Completing all the lore objectives will unlock goodies but also a cool little picture of that hero behind all the locked puzzle pieces. It’s nothing game changing, but it’s a nice touch and feels like you’re actually accomplishing something as opposed to just playing for a while and then doing something else. It also rewards you for loyalty to one specific faction or character.
Image: Select Start MediaWhile as of now, Battleborn is decisively the more complete feeling game, there are a few things that hold it back from being excellent. One major problem Battleborn has is the extremely long loading times between finding a match and the time getting into one.
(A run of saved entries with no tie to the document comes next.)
lemma expectation_mean_log_growth_tendsto:
  assumes \<nu>: "prob_space \<nu>" "sets \<nu> = sets borel"
    "\<forall>y\<in>Spos. weak_conv_vec (\<lambda>k. distr (measure_pmf (Ilaw k)) borel (\<lambda>xs. Ychain P e xs y)) \<nu>"
  shows "(\<lambda>k. measure_pmf.expectation (Ilaw k) (\<lambda>xs. mean_log_growth P e (Y xs))) \<longlonglongrightarrow> alpha_const P e \<nu>"
proof -
  interpret \<nu>: prob_space \<nu>
    by (fact \<nu>(1))
  have weak: "weak_conv_vec (\<lambda>k. distr (measure_pmf (Ilaw k)) borel (\<lambda>xs. Y xs)) \<nu>"
    using \<nu>(3) Y0_pos norm_Y0 by (auto simp: Spos_def)
  have meas_borel: "clipped_log_growth \<in> borel_measurable borel" "clipping_defect \<in> borel_measurable borel"
    by (intro borel_measurable_continuous_onI continuous_on_clipped_log_growth continuous_on_clipping_defect)+
  have "(\<integral>y. clipping_defect y \<partial>distr (measure_pmf (Ilaw k)) borel (\<lambda>xs. Y xs)) = 0" for k
    unfolding integral_distr_Y[OF meas_borel(2)] by (simp add: clipping_defect_def clip_norm_Amap_Y)
  then have "AE y in \<nu>. clipping_defect y = 0"
    by (intro weak_conv_vec_AE_eq_0[OF weak \<nu>(1,2) continuous_on_clipping_defect bounded_clipping_defect])
       (auto simp: clipping_defect_def)
  then have "(\<integral>y. clipped_log_growth y \<partial>\<nu>) = alpha_const P e \<nu>"
    unfolding alpha_const_eq using meas_borel(1) borel_measurable_mean_log_growth measurable_cong_sets[OF \<nu>(2) refl]
    by (intro integral_cong_AE) (auto simp: clipped_log_growth_eq mean_log_growth_def)
  moreover have "(\<lambda>k. \<integral>y. clipped_log_growth y \<partial>distr (measure_pmf (Ilaw k)) borel (\<lambda>xs. Y xs))
                   \<longlonglongrightarrow> (\<integral>y. clipped_log_growth y \<partial>\<nu>)"
    using weak continuous_on_clipped_log_growth bounded_clipped_log_growth unfolding weak_conv_vec_def by blast
  moreover have "clipped_log_growth (Y xs) = mean_log_growth P e (Y xs)" for xs
    by (simp add: clipped_log_growth_def mean_log_growth_def clip_norm_Amap_Y)
  ultimately show ?thesis
    by (simp add: integral_distr_Y[OF meas_borel(1)])
qed

lemma expectation_logn_linear_bound:
  assumes "prob_space \<nu>" "sets \<nu> = sets borel"
    "\<forall>y\<in>Spos. weak_conv_vec (\<lambda>k. distr (measure_pmf (Ilaw k)) borel (\<lambda>xs. Ychain P e xs y)) \<nu>"
  shows "\<bar>measure_pmf.expectation (Ilaw k) logn - real k * alpha_const P e \<nu>\<bar> \<le> \<bar>ln ymin\<bar> + \<bar>ln \<delta>\<bar>"
  using expectation_logn_Suc expectation_mean_log_growth_tendsto[OF assms]
  by (intro almost_additive_linear_bound expectation_Ilaw_almost_additive logn_almost_additive) simp

end

theorem lemma3p3:
  fixes P :: "real^'n^'n" and e \<sigma> :: "real^'n" and \<gamma> :: "real measure"
    and \<nu> :: "(real^'n) measure" and \<delta> n :: real and Y0 :: "real^'n"
  assumes d2: "CARD('n) \<ge> 2"
    and P: "transition_matrix P" "irreducible_no_loops P"
    and e: "\<forall>i. 0 < e $ i \<and> e $ i < 1"
    and \<sigma>: "\<forall>i. 0 < \<sigma> $ i"
    and \<gamma>: "prob_space \<gamma>" "sets \<gamma> = sets borel" "absolutely_continuous lborel \<gamma>"
       "integrable \<gamma> (\<lambda>z. z)" "(\<integral>z. z \<partial>\<gamma>) = 0"
    and \<nu>: "prob_space \<nu>" "sets \<nu> = sets borel" "emeasure \<nu> Spos = 1"
       "\<forall>y\<in>Spos. weak_conv_vec (\<lambda>k. distr (measure_pmf (Ilaw k)) borel (\<lambda>is. Ychain P e is y)) \<nu>"
    and \<delta>: "\<delta> > 0"
    and Y0: "norm Y0 = 1" "\<forall>i. Y0 $ i > \<delta>"
  shows "\<exists>c>0. \<exists>K. \<forall>k\<ge>K. \<forall>t>0. \<forall>n>0.
           measure_pmf.prob (Ilaw k)
             {is. \<bar>ln (norm (EZ_X P e \<sigma> \<gamma> (n *\<^sub>R Y0) is k) / n) - real k * alpha_const P e \<nu>\<bar>
                    \<ge> t * sqrt (real k)}
           \<le> 2 * exp (- c * t\<^sup>2)"
proof -
  interpret positive_start P e \<delta> Y0
    by unfold_locales (use P e \<delta> Y0 d2 in auto)
  define B where "B = ln (real CARD('n)) - ln \<delta> - 2 * ln ymin"
  have B: "B > 0"
    unfolding B_def by (rule bounded_differences_bound_pos)
  have tail: "measure_pmf.prob (Ilaw k) {xs. s \<le> \<bar>logn xs - measure_pmf.expectation (Ilaw k) logn\<bar>}
      \<le> 2 * exp (- s\<^sup>2 / (real k * (B\<^sup>2 / 2)))" if "0 < k" "0 < s" for k s
    using McDiarmid_inequality[OF logn_bounded_differences[folded B_def] B that] by (simp add: mult.commute)
  obtain c where "c > 0" and c: "\<And>k t. k \<ge> 1 \<Longrightarrow> t > 0 \<Longrightarrow>
      measure_pmf.prob (Ilaw k) {xs. t * sqrt (real k) \<le> \<bar>logn xs - real k * alpha_const P e \<nu>\<bar>} \<le> 2 * exp (- c * t\<^sup>2)"
    using subgaussian_around_line[OF tail _ expectation_logn_linear_bound[OF \<nu>(1,2,4)]] B by auto
  txt \<open>For fixed indices the noise averages out, and \<open>n\<close> scales out of the normalised quantity.\<close>
  have "ln (norm (EZ_X P e \<sigma> \<gamma> (n *\<^sub>R Y0) xs k) / n) = logn xs" if "length xs = k" "n > 0" for xs k n
    using that by (simp add: EZ_X_eq_Aprod[OF \<gamma>(1,4,5)] Aprod_scaleR logn_def)
  then have "measure_pmf.prob (Ilaw k)
      {xs. t * sqrt (real k) \<le> \<bar>ln (norm (EZ_X P e \<sigma> \<gamma> (n *\<^sub>R Y0) xs k) / n) - real k * alpha_const P e \<nu>\<bar>} =
    measure_pmf.prob (Ilaw k) {xs. t * sqrt (real k) \<le> \<bar>logn xs - real k * alpha_const P e \<nu>\<bar>}" if "n > 0" for k t n
    using that by (intro measure_prob_cong_0) (auto simp: pmf_eq_0_set_pmf set_pmf_Ilaw)
  with \<open>c > 0\<close> c show ?thesis
    by (intro exI[of _ c] exI[of _ 1]) auto
qed

end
The opening sequence animation looks like something that would give fans of MTV’s Liquid Television a boner, but once you’ve seen it play, it wears out the welcome pretty quick. The same can be said about the roll call as matches begin to load – I don’t care who’s playing what character, just load the damn match.
The other glaring problem Battleborn has is that your shots don’t go through your allies. While this makes the game more about pure skill, nothing is more frustrating than playing ISIC and charging your cannon for a killing blow just to have some asshole run up in front of you and block your shot so they can easily steal the kill.
Those two things really hurt Battleborn, which is sad considering it’s a lot of fun. The characters are all interesting though not terribly well balanced. There’s a genderless mushroom named Miko who you can either spec to heal or hurt, a masked luchador named El Dragon who you can you spec for glass cannon or slightly more tank power, or a duel-wielding madman named Rath who only wants to slice apart anything in his way. Sadly, a lot of characters feel niche (like Caldarius) and can easily be outdone by someone with a similar skill set.
The Borderlands humor still exists here, with lots of profanity cleverly bleeped in ways that turn it into great comedic fodder such as ISIC yelling “SH***************T” after you capture him in the story mode and Geoff the spider has terrific dialogue. ISIC’s speech in general is reminiscent of the dog with the collar from the Disney movie Up.
Battleborn is great, but it just isn’t as inviting it could be – and the marketing has made it look more like a direct competitor for Blizzard’s Overwatch, despite being considerably different. It’s a shame more people aren’t getting onto the Battleborn bandwagon because while it isn’t a smooth as Overwatch it’s far more complete and feels like a full game instead of paying to continue playing a demo.